As if confirming my intuition, the final evening while out to dinner we were approached by a young boy of no more than ten years of age. He politely requested a few minutes of our time to practice his English. I glanced up to see his proud father looking on from a table across the restaurant. What a brave little boy! was my initial thought. He went on to impress me with his questions of where I was from and had I been to Washington DC? When I mentioned that I had lived briefly in California he immediately chimed in excitedly inquiring whether I had seen the Golden Gate Bridge or Alcatraz. At this point I was both amazed and amused. He chatted through our appetizer being delivered and we answered between bites of a dish I cannot recall.
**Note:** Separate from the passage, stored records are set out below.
(* Fix $k\in[m-1]$, $\delta_t\in(0,1)$, and let $q_k=h_{(k)}-h_{(k+1)}$. (i) PTR-Laplace: with $\epsilon>0$, compute $\hat q_k=q_k+L-\log(1/\delta_t)/\epsilon$ with $L\sim\mathrm{Lap}(1/\epsilon)$, output $\perp$ if $\hat q_k\le1$ and otherwise output $\{i_{(1)},\dots,i_{(k)}\}$. This mechanism satisfies $(\epsilon,\delta_t)$-DP. (ii) PTR-Gaussian: with $\sigma_2>0$, compute $\hat q_k=\max\{1,q_k\}+Z-\sigma_2\sqrt{2\log(1/\delta_t)}$ with $Z\sim\mathcal{N}(0,\sigma_2^2)$, output $\perp$ if $\hat q_k\le1$ and otherwise output $\{i_{(1)},\dots,i_{(k)}\}$. This mechanism satisfies $\delta_t$-approximate-$(\alpha,\frac{\alpha}{2\sigma_2^2})$-RDP.
   Context: Setting: a dataset consists of users; there are $m$ candidates and each user votes $1$ for an arbitrary subset of candidates; $h_j$ is the number of users voting for candidate $j$. Datasets are neighboring if one is obtained from the other by adding or removing one user. $h_{(1)}\ge\dots\ge h_{(m)}$ are sorted counts with corresponding candidates $i_{(1)},\dots,i_{(m)}$. $\mathrm{Lap}(b)$ is the Laplace distribution with density $\frac{1}{2b}e^{-|x|/b}$. $(\epsilon,\delta)$-DP: $\Pr[\mathcal{M}(D)\in O]\le e^\epsilon\Pr[\mathcal{M}(D')\in O]+\delta$ for all neighbors and measurable $O$. Rényi divergence: $\mathbb{D}_\alpha(P\|Q)=\frac{1}{\alpha-1}\log\mathbb{E}_{o\sim Q}[(P(o)/Q(o))^\alpha]$. $\mathcal{M}$ is $\delta$-approximate-$(\alpha,\epsilon(\alpha))$-RDP if for all neighbors $D,D'$ there exist events $E$ (depending on $\mathcal{M}(D)$) and $E'$ (depending on $\mathcal{M}(D')$) with $\Pr[E]\ge1-\delta$, $\Pr[E']\ge1-\delta$ and $\mathbb{D}_\alpha(\mathcal{M}(D)|E\|\mathcal{M}(D')|E')\le\epsilon(\alpha)$ for all $\alpha\ge1$. *)

theory Defs
  imports "HOL-Probability.Probability"
begin

text \<open>A dataset is a finite multiset of users; each user is the set of candidates
  (from 0..m-1) she votes for.\<close>

definition valid_dataset :: "nat \<Rightarrow> nat set multiset \<Rightarrow> bool" where
  "valid_dataset m D \<longleftrightarrow> (\<forall>S \<in># D. S \<subseteq> {..<m})"

definition neighboring :: "nat set multiset \<Rightarrow> nat set multiset \<Rightarrow> bool" where
  "neighboring D D' \<longleftrightarrow> (\<exists>S. D' = D + {#S#} \<or> D = D' + {#S#})"

definition cnt :: "nat set multiset \<Rightarrow> nat \<Rightarrow> nat" where
  "cnt D j = size (filter_mset (\<lambda>S. j \<in> S) D)"

text \<open>Counts sorted in non-increasing order; h_(i) is entry i-1 (1-based index i).\<close>
definition sorted_counts :: "nat \<Rightarrow> nat set multiset \<Rightarrow> nat list" where
  "sorted_counts m D = rev (sort (map (cnt D) [0..<m]))"

definition hsorted :: "nat \<Rightarrow> nat set multiset \<Rightarrow> nat \<Rightarrow> nat" where
  "hsorted m D i = sorted_counts m D ! (i - 1)"

definition gap :: "nat \<Rightarrow> nat \<Rightarrow> nat set multiset \<Rightarrow> real" where
  "gap m k D = real (hsorted m D k) - real (hsorted m D (k + 1))"

text \<open>The candidates i_(1),...,i_(k): candidates sorted by count in non-increasing
  order, ties broken by smaller index first; candidate j is among the first k iff fewer
  than k candidates precede it in this order.\<close>
definition topk :: "nat \<Rightarrow> nat \<Rightarrow> nat set multiset \<Rightarrow> nat set" where
  "topk m k D = {j. j < m \<and>
     card {j'. j' < m \<and> (cnt D j' > cnt D j \<or> (cnt D j' = cnt D j \<and> j' < j))} < k}"

definition laplace_density :: "real \<Rightarrow> real \<Rightarrow> real" where
  "laplace_density b x = exp (- \<bar>x\<bar> / b) / (2 * b)"

definition laplace_distr :: "real \<Rightarrow> real measure" where
  "laplace_distr b = density lborel (\<lambda>x. ennreal (laplace_density b x))"

definition gauss_distr :: "real \<Rightarrow> real measure" where
  "gauss_distr \<sigma> = density lborel (\<lambda>x. ennreal (normal_density 0 \<sigma> x))"

text \<open>Outputs: None stands for \<bottom>, Some S for the released set.\<close>
definition ptr_laplace_out ::
  "nat \<Rightarrow> nat \<Rightarrow> real \<Rightarrow> real \<Rightarrow> nat set multiset \<Rightarrow> real \<Rightarrow> nat set option" where
  "ptr_laplace_out m k \<epsilon> \<delta> D L =
     (if gap m k D + L - ln (1 / \<delta>) / \<epsilon> \<le> 1 then None else Some (topk m k D))"

definition ptr_gauss_out ::
  "nat \<Rightarrow> nat \<Rightarrow> real \<Rightarrow> real \<Rightarrow> nat set multiset \<Rightarrow> real \<Rightarrow> nat set option" where
  "ptr_gauss_out m k \<sigma> \<delta> D Z =
     (if max 1 (gap m k D) + Z - \<sigma> * sqrt (2 * ln (1 / \<delta>)) \<le> 1 then None
      else Some (topk m k D))"

text \<open>A mechanism is given by a noise distribution N and an output map out D noise;
  its output distribution on dataset D is the push-forward of N.\<close>
definition mech_distr :: "'n measure \<Rightarrow> ('d \<Rightarrow> 'n \<Rightarrow> 'o) \<Rightarrow> 'd \<Rightarrow> 'o measure" where
  "mech_distr N out D = distr N (count_space UNIV) (out D)"

definition is_dp :: "nat \<Rightarrow> 'n measure \<Rightarrow> (nat set multiset \<Rightarrow> 'n \<Rightarrow> 'o) \<Rightarrow> real \<Rightarrow> real \<Rightarrow> bool" where
  "is_dp m N out \<epsilon> \<delta> \<longleftrightarrow>
     (\<forall>D D'. valid_dataset m D \<and> valid_dataset m D' \<and> neighboring D D' \<longrightarrow>
        (\<forall>A. measure (mech_distr N out D) A \<le> exp \<epsilon> * measure (mech_distr N out D') A + \<delta>))"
When I told him how much we were enjoying his country’s cuisine he asked what we had tried thus far and then pointed to the rose-shaped carrot garnish that was the only thing left on the plate and said, Oh we learned how to make those in school! In that moment it was the woman whose jaw dropped and suddenly she felt like a little girl in the presence of this wise old bilingual soul. We never stop learning if we choose to see the education right before our very eyes.